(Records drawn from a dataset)
lemma normalized_cross_entropy_le:
  fixes q :: "'n::finite \<Rightarrow> real"
  assumes nonneg: "\<And>l. 0 \<le> q l" and pos: "0 < q j"
  shows "(\<Sum>l\<in>UNIV. q l / (\<Sum>l'\<in>UNIV. q l') * - ln (q l))
    \<le> ln (real CARD('n)) - ln (q j)"
proof -
  define Z where "Z = (\<Sum>l\<in>UNIV. q l)"
  have "q j \<le> Z"
    unfolding Z_def using nonneg by (intro member_le_sum) auto
  then have Z_pos: "0 < Z"
    using pos by linarith
  have "q l / Z * - ln (q l) = q l / Z * - ln (q l / Z) - q l / Z * ln Z" for l
    using nonneg[of l] Z_pos by (cases "q l = 0") (auto simp: ln_div algebra_simps)
  then have "(\<Sum>l\<in>UNIV. q l / Z * - ln (q l))
      = (\<Sum>l\<in>UNIV. q l / Z * - ln (q l / Z)) - ln Z"
    using Z_pos by (simp add: sum_subtractf Z_def flip: sum_distrib_right sum_divide_distrib)
  also have "\<dots> \<le> ln (real CARD('n)) - ln Z"
    using nonneg Z_pos by (intro diff_right_mono entropy_le_ln_card)
      (auto simp: Z_def simp flip: sum_divide_distrib)
  also have "\<dots> \<le> ln (real CARD('n)) - ln (q j)"
    using \<open>q j \<le> Z\<close> pos by simp
  finally show ?thesis
    by (simp add: Z_def)
qed

definition pool_weight :: "('m::finite \<Rightarrow> real ^ 'n::finite) \<Rightarrow> real ^ 'm \<Rightarrow> 'n \<Rightarrow> real" where
  "pool_weight P w j = (\<Prod>k\<in>UNIV. rpow (P k $ j) (w $ k))"

lemma log_pool_eq: "log_pool P w j = pool_weight P w j / (\<Sum>l\<in>UNIV. pool_weight P w l)"
  by (simp add: log_pool_def pool_weight_def)

lemma pool_weight_nonneg: "0 \<le> pool_weight P w j"
  by (simp add: pool_weight_def prod_nonneg rpow_nonneg)

lemma log_pool_nonneg: "0 \<le> log_pool P w j"
  by (simp add: log_pool_eq pool_weight_nonneg sum_nonneg)

lemma ln_pool_weight_le:
  assumes "\<forall>k. P k \<in> prob_simplex" and "w \<in> prob_simplex" and "0 < w $ i"
    and "0 < pool_weight P w l"
  shows "ln (pool_weight P w l) \<le> w $ i * ln (P i $ l)"
proof -
  have le: "pool_weight P w l \<le> rpow (P i $ l) (w $ i)"
    unfolding pool_weight_def using assms(1,2)
    by (intro prod_rpow_le_rpow) (auto simp: prob_simplex_nonneg prob_simplex_le_1)
  then have "0 < P i $ l"
    using assms prob_simplex_nonneg[of "P i" l] by (auto simp: rpow_def less_eq_real_def)
  then have "ln (pool_weight P w l) \<le> ln (P i $ l powr w $ i)"
    using le assms(3,4) by (intro ln_le_cancel_iff[THEN iffD2]) (simp_all add: rpow_def)
  then show ?thesis
    by simp
qed

lemma dL_ge_imp_report_le:
  assumes "P i \<in> prob_simplex" and "\<zeta> \<le> dL P w i J"
  shows "P i $ J \<le> exp (- \<zeta>)"
proof -
  have "(\<Sum>l\<in>UNIV. log_pool P w l * ln (P i $ l)) \<le> 0"
    using assms(1) by (intro sum_nonpos mult_nonneg_nonpos log_pool_nonneg prob_simplex_ln_le_0)
  then have "ln (P i $ J) \<le> - \<zeta>"
    using assms(2) by (simp add: dL_def)
  then show ?thesis
    using prob_simplex_nonneg[OF assms(1), of J]
    by (cases "P i $ J = 0") (auto, metis exp_le_cancel_iff exp_ln less_eq_real_def)
qed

▶ **Aim of the task**:
Which lines in the data above hold the string "Rightarrow"? Show each one.

▶ **Reply to the exercise**:
  fixes q :: "'n::finite \<Rightarrow> real"
definition pool_weight :: "('m::finite \<Rightarrow> real ^ 'n::finite) \<Rightarrow> real ^ 'm \<Rightarrow> 'n \<Rightarrow> real" where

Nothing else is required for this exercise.